Now, key money managers have jumped into Novavax, Inc. (NASDAQ:NVAX) headfirst. Citadel Investment Group, managed by Ken Griffin, created the most valuable position in Novavax, Inc. (NASDAQ:NVAX). Citadel Investment Group had $0.4 million invested in the company at the end of the quarter. Mike Vranos’s Ellington also made a $0.2 million investment in the stock during the quarter.
Let’s go over hedge fund activity in other stocks similar to Novavax, Inc. (NASDAQ:NVAX). We will take a look at INTL Fcstone Inc (NASDAQ:INTL), BRP Inc. (NASDAQ:DOOO), Trinseo S.A. (NYSE:TSE), and Delphi Technologies PLC (NYSE:DLPH). This group of stocks’ market values resemble NVAX’s market value.
Ticker | No of HFs with positions | Total Value of HF Positions (x1000) | Change in HF Position |
---|---|---|---|
INTL | 10 | 83773 | 1 |
DOOO | 10 | 52931 | 1 |
TSE | 17 | 26358 | -1 |
DLPH | 19 | 105634 | 2 |
Average | 14 | 67174 | 0.75 |
View table here if you experience formatting issues.

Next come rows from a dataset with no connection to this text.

lemma subgroup_TRM_family:
  fixes P :: "'n::finite set \<Rightarrow> ('n \<Rightarrow> 'n) \<Rightarrow> complex \<Rightarrow> bool"
  assumes P_imp: "\<And>L s c. P L s c \<Longrightarrow> s permutes UNIV \<and> c \<noteq> 0"
    and P_id: "P {} id 1"
    and P_mult: "\<And>L1 s1 c1 L2 s2 c2. P L1 s1 c1 \<Longrightarrow> P L2 s2 c2
                   \<Longrightarrow> P (symdiff L1 (s1 ` L2)) (s1 \<circ> s2) (c1 * c2)"
    and P_inv: "\<And>L s c. P L s c \<Longrightarrow> P (inv_into UNIV s ` L) (inv_into UNIV s) (1 / c)"
  shows "subgroup {TRM L s c | L s c. P L s c} AutGrp"
proof (rule group.subgroupI[OF group_AutGrp])
  show "{TRM L s c | L s c. P L s c} \<subseteq> carrier AutGrp"
    by (auto dest: P_imp intro: TRM_in_Aut)
  show "{TRM L s c | L s c. P L s c} \<noteq> {}"
    using P_id by blast
next
  fix g assume "g \<in> {TRM L s c | L s c. P L s c}"
  then obtain L s c where g: "g = TRM L s c" and P: "P L s c" by blast
  have "inv\<^bsub>AutGrp\<^esub> g = TRM (inv_into UNIV s ` L) (inv_into UNIV s) (1 / c)"
    unfolding g using P_imp[OF P] by (simp add: inv_TRM)
  then show "inv\<^bsub>AutGrp\<^esub> g \<in> {TRM L s c | L s c. P L s c}"
    using P_inv[OF P] by blast
next
  fix g h assume "g \<in> {TRM L s c | L s c. P L s c}" "h \<in> {TRM L s c | L s c. P L s c}"
  then obtain L1 s1 c1 L2 s2 c2 where g: "g = TRM L1 s1 c1" and P1: "P L1 s1 c1"
    and h: "h = TRM L2 s2 c2" and P2: "P L2 s2 c2"
    by blast
  have "g \<otimes>\<^bsub>AutGrp\<^esub> h = TRM (symdiff L1 (s1 ` L2)) (s1 \<circ> s2) (c1 * c2)"
    unfolding g h using P_imp[OF P1] P_imp[OF P2] by (simp add: compose_TRM)
  then show "g \<otimes>\<^bsub>AutGrp\<^esub> h \<in> {TRM L s c | L s c. P L s c}"
    using P_mult[OF P1 P2] by blast
qed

As you can see these stocks had an average of 14 hedge funds with bullish positions and the average amount invested in these stocks was $67 million. That figure was $11 million in NVAX’s case. Delphi Technologies PLC (NYSE:DLPH) is the most popular stock in this table. On the other hand INTL Fcstone Inc (NASDAQ:INTL) is the least popular one with only 10 bullish hedge fund positions. Compared to these stocks Novavax, Inc. (NASDAQ:NVAX) is even less popular than INTL. Hedge funds clearly dropped the ball on NVAX as the stock delivered strong returns, though hedge funds’ consensus picks still generated respectable returns. Our calculations showed that top 10 most popular stocks among hedge funds returned 41.4% in 2019 and outperformed the S&P 500 ETF (SPY) by 10.1 percentage points. These stocks gained 8.3% in 2020 through the end of May and still beat the market by 13.2 percentage points. A small number of hedge funds were also right about betting on NVAX as the stock returned 239% so far in the second quarter and outperformed the market by an even larger margin.